Monsieur le président, monsieur le ministre, mes chers collègues, la commission de l’aménagement du territoire et du développement durable a émis un avis favorable sur les crédits relatifs à l’aménagement numérique du territoire compris dans le programme 343, « Plan France Très haut débit », de la mission « Économie ».
Nous lancerons toutefois cette année un appel à la vigilance sur le déploiement de la fibre optique, notamment sur trois points qui ont déjà été évoqués à cette tribune.
Premièrement, l’objectif de couverture de 80 % du territoire par la fibre optique, d’ici à la fin de l’année 2022, semble en bonne voie. De plus, le fort dynamisme des déploiements dans les réseaux d’initiative publique laisse également espérer l’atteinte de la cible dans un futur proche. Cependant, le ralentissement des déploiements en zone d’initiative privée est inquiétant : le nombre de logements rendus raccordables a par exemple chuté de 54 % par rapport à 2021 en zone Amii et de 47 % en zone très dense. Je rappelle que la zone Amii n’est couverte en fibre qu’à 87 %, alors que les opérateurs devaient initialement assurer une couverture intégrale avant la fin de l’année 2020.
Si les pouvoirs publics ne disposent pas de leviers d’intervention en zone très dense, l’Arcep – cela a été dit – a la responsabilité de rappeler les opérateurs aux engagements qu’ils ont pris s’agissant des zones Amii, en ayant recours à ses pouvoirs de sanction, si nécessaire.
Deuxièmement, pour les raccordements complexes, 150 millions d’euros ont été prévus par le Gouvernement afin d’apporter une rallonge financière via un mécanisme d’appel à projets animé par les collectivités territoriales dans les zones d’initiative publique.
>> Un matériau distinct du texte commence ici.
lemma piece_integral_square_eq_0:
  assumes EE: "(E1, E2) \<in> pieces" and \<psi>: "continuous_on UNIV \<psi>"
    and zero: "piece_integral E1 E2 (\<lambda>y. \<psi> y * \<psi> y) = 0" and x: "x \<in> rel_interior (E1 \<inter> E2)"
  shows "\<psi> x = 0"
proof -
  have "\<psi> x * \<psi> x = 0"
    by (rule normal_slab_integral_zero_imp_zero[where \<phi>="\<lambda>y. \<psi> y * \<psi> y", OF piece_geometry(1-5)[OF EE] _ _ _ x])
       (use zero in \<open>auto intro: continuous_intros \<psi> simp: piece_integral_def piece_slab_def\<close>)
  then show ?thesis by simp
qed

lemma facet_integral_piece:
  assumes EE: "(E1, E2) \<in> pieces" and g: "piecewise_continuous pieces g"
  shows "facet_integral (E1 \<inter> E2) g = piece_integral E1 E2 g"
proof -
  note pp = inter_mesh_props[OF mesh1 mesh2 EE]
  note pg = piece_geometry[OF EE]
  define X where "X = E1 \<inter> E2"
  obtain N c where Nc: "N \<noteq> 0" "affine hull E1 = {y. N \<bullet> y = c}" using pg(9) by blast
  have hX: "affine hull X = affine hull E1" using pg(7) by (simp add: X_def)
  have pX: "polytope X" unfolding X_def
    by (intro polytope_Int iface_facet_props(8)[OF mesh1 pp(1)] iface_facet_props(8)[OF mesh2 pp(2)])
  have I: "{X} = {E2' \<in> {X}. aff_dim (X \<inter> E2') = int CARD('d) - 1}" using pp(3) by (auto simp: X_def)
  have "facet_integral X g = (\<Sum>E2'\<in>{X}. integral (normal_slab (affine hull X) (rel_interior (X \<inter> E2')))
                                  (\<lambda>x. g (closest_point (affine hull X) x)))"
  proof (rule facet_integral_decompose[OF _ Nc(1) _ _ pX _ _ I])
    show "affine hull X = {y. N \<bullet> y = c}" using hX Nc(2) by simp
    show "aff_dim X = int CARD('d) - 1" using pp(3) by (simp add: X_def)
    show "(\<lambda>x. g (closest_point (affine hull X) x)) integrable_on
            normal_slab (affine hull X) (rel_interior (X \<inter> E2'))" if "E2' \<in> {X}" for E2'
      using that piece_integral_has_integral[OF EE g] hX by (auto simp: piece_slab_def X_def)
  qed (use pX in auto)
  then show ?thesis unfolding X_def using pg(7) by (simp add: piece_integral_def piece_slab_def)
qed

lemma poly_on_pieces_imp_piecewise_continuous:
  assumes "\<And>E1 E2. (E1, E2) \<in> pieces \<Longrightarrow>
             \<exists>q. poly_fun p q \<and> (\<forall>y\<in>rel_interior (E1 \<inter> E2). g y = q y)"
  shows "piecewise_continuous pieces g"
  unfolding piecewise_continuous_def
proof (intro ballI, clarify)
  fix E1 E2 assume "(E1, E2) \<in> pieces"
  then obtain q where "poly_fun p q" "\<forall>y\<in>rel_interior (E1 \<inter> E2). g y = q y"
    using assms by blast
  then show "\<exists>\<psi>. continuous_on UNIV \<psi> \<and> (\<forall>y\<in>rel_interior (E1 \<inter> E2). g y = \<psi> y)"
    using poly_fun_continuous_on by blast
qed

lemma Vh1_piecewise_continuous:
  assumes w: "w \<in> Vh p C1 \<Gamma>"
  shows "piecewise_continuous pieces w" "piecewise_continuous pieces (nderiv1 n w)"
proof -
  have "(\<exists>q. poly_fun p q \<and> (\<forall>y\<in>rel_interior (E1 \<inter> E2). w y = q y)) \<and>
        (\<exists>r. poly_fun p r \<and> (\<forall>y\<in>rel_interior (E1 \<inter> E2). nderiv1 n w y = r y))"
    if "(E1, E2) \<in> pieces" for E1 E2
    using Vh1_poly_on_piece[OF that w] by blast
  note poly = this
  show "piecewise_continuous pieces w"
    by (rule poly_on_pieces_imp_piecewise_continuous) (use poly in blast)
  show "piecewise_continuous pieces (nderiv1 n w)"
    by (rule poly_on_pieces_imp_piecewise_continuous) (use poly in blast)
qed

lemma Vh2_piecewise_continuous:
  assumes w: "w \<in> Vh p C2 \<Gamma>"
  shows "piecewise_continuous pieces w" "piecewise_continuous pieces (nderiv2 n w)"
proof -
  have "(\<exists>q. poly_fun p q \<and> (\<forall>y\<in>rel_interior (E1 \<inter> E2). w y = q y)) \<and>
        (\<exists>r. poly_fun p r \<and> (\<forall>y\<in>rel_interior (E1 \<inter> E2). nderiv2 n w y = r y))"
    if "(E1, E2) \<in> pieces" for E1 E2
    using Vh2_poly_on_piece[OF that w] by blast
  note poly = this
  show "piecewise_continuous pieces w"
    by (rule poly_on_pieces_imp_piecewise_continuous) (use poly in blast)
  show "piecewise_continuous pieces (nderiv2 n w)"
    by (rule poly_on_pieces_imp_piecewise_continuous) (use poly in blast)
qed

lemma Qh_piecewise_continuous:
  assumes "\<mu> \<in> Qh p (iface_facets C1 \<Gamma>) (iface_facets C2 \<Gamma>)"
  shows "piecewise_continuous pieces \<mu>"
  by (rule poly_on_pieces_imp_piecewise_continuous) (use assms in \<open>auto simp: Qh_def\<close>)
(* Suppose that \begin{itemize} \item $X$ is geodetic; and \item either \begin{itemize} \item $X$ is Menger convex and has no 4-cuts, or \item $X$ is geodesic. \end{itemize} \end{itemize} Then $\mathit{HM}_2(X)=0$.
   Context: Let $X$ be a metric space. Write $y$ is between $x$ and $z$ if $d(x,y)+d(y,z)=d(x,z)$, and strictly between if moreover $x\neq y\neq z$. $X$ is Menger convex if for any two distinct points there is a point strictly between them. $X$ has no 4-cuts if whenever $y_1\neq y_2$, $d(x,y_1)+d(y_1,y_2)=d(x,y_2)$ and $d(y_1,y_2)+d(y_2,z)=d(y_1,z)$ imply $d(x,z)=d(x,y_1)+d(y_1,y_2)+d(y_2,z)$. $X$ is geodesic if for any $x,y$ there is an isometry $\gamma:[0,a]\to X$ with $\gamma(0)=x$, $\gamma(a)=y$. $X$ is geodetic if for any distinct $x,z$, whenever $y_1$ and $y_2$ are both between $x$ and $z$, either ($y_1$ is between $x$ and $y_2$ and $y_2$ is between $y_1$ and $z$) or ($y_2$ is between $x$ and $y_1$ and $y_1$ is between $y_2$ and $z$). The magnitude homology $\mathit{HM}^\ell_n(X)$ is the degree-$n$ homology of the chain complex whose $n$-chains in grading $\ell$ are the free abelian group on symbols $\langle x_0,\dots,x_n\rangle$ with $x_i\neq x_{i+1}$ and $d(x_0,x_1)+\cdots+d(x_{n-1},x_n)=\ell$, with boundary $\sum_i(-1)^i d^i$, where $d^i$ deletes $x_i$ if $x_i$ is between $x_{i-1}$ and $x_{i+1}$ and is $0$ otherwise (deleting an endpoint always gives $0$); $\mathit{HM}_2(X)=0$ means vanishing in all gradings. *)

theory Defs
  imports "HOL-Analysis.Analysis"
begin

definition between :: "'a metric \<Rightarrow> 'a \<Rightarrow> 'a \<Rightarrow> 'a \<Rightarrow> bool" where
  "between m x y z \<longleftrightarrow> mdist m x y + mdist m y z = mdist m x z"

definition menger_convex :: "'a metric \<Rightarrow> bool" where
  "menger_convex m \<longleftrightarrow> (\<forall>x\<in>mspace m. \<forall>z\<in>mspace m. x \<noteq> z \<longrightarrow>
      (\<exists>y\<in>mspace m. x \<noteq> y \<and> y \<noteq> z \<and> between m x y z))"

definition no_4_cuts :: "'a metric \<Rightarrow> bool" where
  "no_4_cuts m \<longleftrightarrow> (\<forall>x\<in>mspace m. \<forall>y1\<in>mspace m. \<forall>y2\<in>mspace m. \<forall>z\<in>mspace m.
      y1 \<noteq> y2 \<and> between m x y1 y2 \<and> between m y1 y2 z \<longrightarrow>
      mdist m x z = mdist m x y1 + mdist m y1 y2 + mdist m y2 z)"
Ces moyens supplémentaires sont nécessaires, mais loin d’être suffisants : les raccordements complexes, caractérisés par un déficit de génie civil sur la partie terminale du raccordement, représenteraient de un à deux millions de prises ; les besoins financiers dépasseraient un milliard d’euros. Surtout, la pertinence même de cet outil est sujette à interrogation.
Monsieur le ministre, plutôt que de lancer un appel à projets, ne serait-il pas préférable d’instituer un dispositif de financement pérenne, permettant une péréquation entre les territoires, conformément aux principes fondateurs du plan France Très haut débit ?
Troisièmement, concernant la résilience des réseaux numériques, une réflexion doit être engagée sur les effets du dérèglement climatique sur les réseaux de fibre, qui sont en majorité installés par voie aérienne – cela a déjà été rappelé. Plus largement, il nous faut anticiper les dépenses liées à l’exploitation et à la maintenance des réseaux, qui sont particulièrement élevées en zone d’initiative publique. Or le plan France Très haut débit ne prévoit, pour l’heure, aucun mécanisme de solidarité financière entre les territoires sur ce point. Comme les déploiements de réseaux progressent, il convient à présent de réfléchir aux actions nécessaires pour assurer leur fonctionnement dans la durée.